→ EXERCISE DIRECTIONS
Lines with the word "unfolding" in them must be copied from the records below.

→ Collected data
(* (grad_x L, - grad_lambda L) for the Lagrangian L x lambda = f x + <lambda, A x - b> *)
definition saddle_operator ::
    "('a::real_inner \<Rightarrow> 'a) \<Rightarrow> ('a \<Rightarrow> 'b::real_inner) \<Rightarrow> ('b \<Rightarrow> 'a) \<Rightarrow> 'b \<Rightarrow> 'a \<times> 'b \<Rightarrow> 'a \<times> 'b" where
  "saddle_operator gf A Astar b = (\<lambda>(u, l). (gf u + Astar l, b - A u))"

lemma saddle_operator_monotone:
  assumes gf_mono: "\<And>u v. 0 \<le> inner (gf u - gf v) (u - v)"
    and adj: "\<And>u l. inner (A u) l = inner u (Astar l)"
  shows "0 \<le> inner (saddle_operator gf A Astar b w - saddle_operator gf A Astar b w') (w - w')"
proof -
  obtain u l u' l' where w: "w = (u, l)" "w' = (u', l')"
    by (cases w, cases w')
  have adj': "inner (Astar k) v = inner (A v) k" for k v
    by (metis adj inner_commute)
  have "inner (Astar l - Astar l') (u - u') = inner (A u - A u') (l - l')"
    by (simp add: inner_diff_left inner_diff_right adj')
  then have "inner (saddle_operator gf A Astar b w - saddle_operator gf A Astar b w') (w - w')
      = inner (gf u - gf u') (u - u')"
    unfolding w saddle_operator_def by (simp add: inner_diff_left inner_add_left algebra_simps)
  then show ?thesis
    using gf_mono by simp
qed
(* Let $D \subset \mathbb{Z}^m \setminus \{\mathbf{0}\}$ be a finite set with $D = -D$. Then for every non-zero Laurent polynomial \[ f(z_1, \ldots, z_m) = \sum_{d \in D} c_d z_1^{d_1}\cdots z_m^{d_m} \quad \text{with } c_{-d} = \overline{c_d} \text{ for all } d \in D, \] we have $\alpha(D) \leq \min(\rho_+(f), \rho_-(f))$; that is, $\alpha(D) \leq \rho(D)$.
   Context: Such $f$ is real-valued on $\mathbb{T}^m$, $\mathbb{T}$ the unit circle. $\lambda_m$ is the normalized Lebesgue (Haar) measure on $\mathbb{T}^m$ with $\lambda_m(\mathbb{T}^m) = 1$; $\rho_+(f) = \lambda_m(\{z \in \mathbb{T}^m : f(z) > 0\})$ and $\rho_-(f) = \lambda_m(\{z \in \mathbb{T}^m : f(z) < 0\})$. $\rho(D)$ is the least value of $\min(\rho_+(f), \rho_-(f))$ over all such non-zero $f$. The $m$-circulant graph $G_n$ with set of differences $D$ has vertex set $\{0, \ldots, n-1\}^m$, vertices $u, v$ (possibly equal) being adjacent iff $u - v$ is congruent coordinatewise modulo $n$ to some $d \in D$. $\alpha(G)$ is the maximum size of an independent set (no two adjacent vertices, no looped vertex), and $\alpha(D) := \lim_{n \to \infty} \alpha(G_n)/n^m$ (this limit exists). *)

theory Defs
  imports "HOL-Probability.Probability"
begin

text \<open>Points of \<open>\<int>^m\<close> are functions \<open>'m \<Rightarrow> int\<close> for a finite index type \<open>'m\<close>
  (so \<open>m = CARD('m)\<close>).\<close>

definition torus :: "('m::finite \<Rightarrow> complex) set" where
  "torus = {z. \<forall>j. cmod (z j) = 1}"
lemma fiber_deletion_subdivide:
  assumes G: "G \<in> laminar_faces U k"
  shows "{F \<in> laminar_faces (insert a U) (Suc k). deletion F = G} = (\<lambda>C. subdivide C G) ` nodes G"
proof (intro equalityI subsetI)
  fix F
  assume "F \<in> {F \<in> laminar_faces (insert a U) (Suc k). deletion F = G}"
  then have F: "F \<in> laminar_faces (insert a U) (Suc k)" and "deletion F = G"
    by auto
  show "F \<in> (\<lambda>C. subdivide C G) ` nodes G"
  proof (rule face_decomposition[OF F])
    fix C
    assume "C \<in> internal_nodes (deletion F)" and "F = attach C (deletion F)"
    then have "F \<in> laminar_faces (insert a U) k"
      using attach_in_laminar_faces[OF G, of C] \<open>deletion F = G\<close> by simp
    then show ?thesis
      using F by (simp add: laminar_faces_def)
  next
    fix C
    assume "C \<in> nodes (deletion F)" "F = subdivide C (deletion F)"
    then show ?thesis
      using \<open>deletion F = G\<close> by blast
  qed
qed (use subdivide_in_laminar_faces[OF G] deletion_subdivide[OF G] in auto)

theorem card_laminar_faces_insert:
  "card (laminar_faces (insert a U) (Suc k)) =
     (k + 2) * card (laminar_faces U (Suc k)) + (Suc k + card U) * card (laminar_faces U k)"
proof -
  let ?fiber = "\<lambda>G. {F \<in> laminar_faces (insert a U) (Suc k). deletion F = G}"
  have deletion_maps: "deletion ` laminar_faces (insert a U) (Suc k) \<subseteq>
      laminar_faces U (Suc k) \<union> laminar_faces U k"
    using deletion_in_laminar_faces_Suc by blast
  have "card (laminar_faces (insert a U) (Suc k)) =
      (\<Sum>G \<in> laminar_faces U (Suc k) \<union> laminar_faces U k. card (?fiber G))"
    using sum.group[OF finite_laminar_faces finite_UnI[OF finite_laminar_faces finite_laminar_faces]
        deletion_maps, of "\<lambda>_. 1 :: nat"]
    by simp
  also have "\<dots> = (\<Sum>G \<in> laminar_faces U (Suc k). card (?fiber G)) + (\<Sum>G \<in> laminar_faces U k. card (?fiber G))"
    by (rule sum.union_disjoint[OF finite_laminar_faces finite_laminar_faces])
      (auto simp: laminar_faces_def)
  also have "(\<Sum>G \<in> laminar_faces U (Suc k). card (?fiber G)) = (\<Sum>G \<in> laminar_faces U (Suc k). k + 2)"
    by (rule sum.cong)
      (simp_all add: fiber_deletion_attach card_image inj_on_attach card_internal_nodes)
  also have "(\<Sum>G \<in> laminar_faces U k. card (?fiber G)) = (\<Sum>G \<in> laminar_faces U k. Suc k + card U)"
    by (rule sum.cong)
      (simp_all add: fiber_deletion_subdivide card_image inj_on_subdivide card_nodes)
  finally show ?thesis
    by (simp add: mult.commute)
qed

end

lemma laminar_faces_Suc_small:
  assumes "card U \<le> 2"
  shows "laminar_faces U (Suc k) = {}"
proof -
  have "nontrivial_subsets U = {}"
    using assms unfolding nontrivial_subsets_def by auto
  then show ?thesis
    unfolding laminar_faces_def by auto
qed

→ ANSWER BELOW
    unfolding w saddle_operator_def by (simp add: inner_diff_left inner_add_left algebra_simps)
    using assms unfolding nontrivial_subsets_def by auto
    unfolding laminar_faces_def by auto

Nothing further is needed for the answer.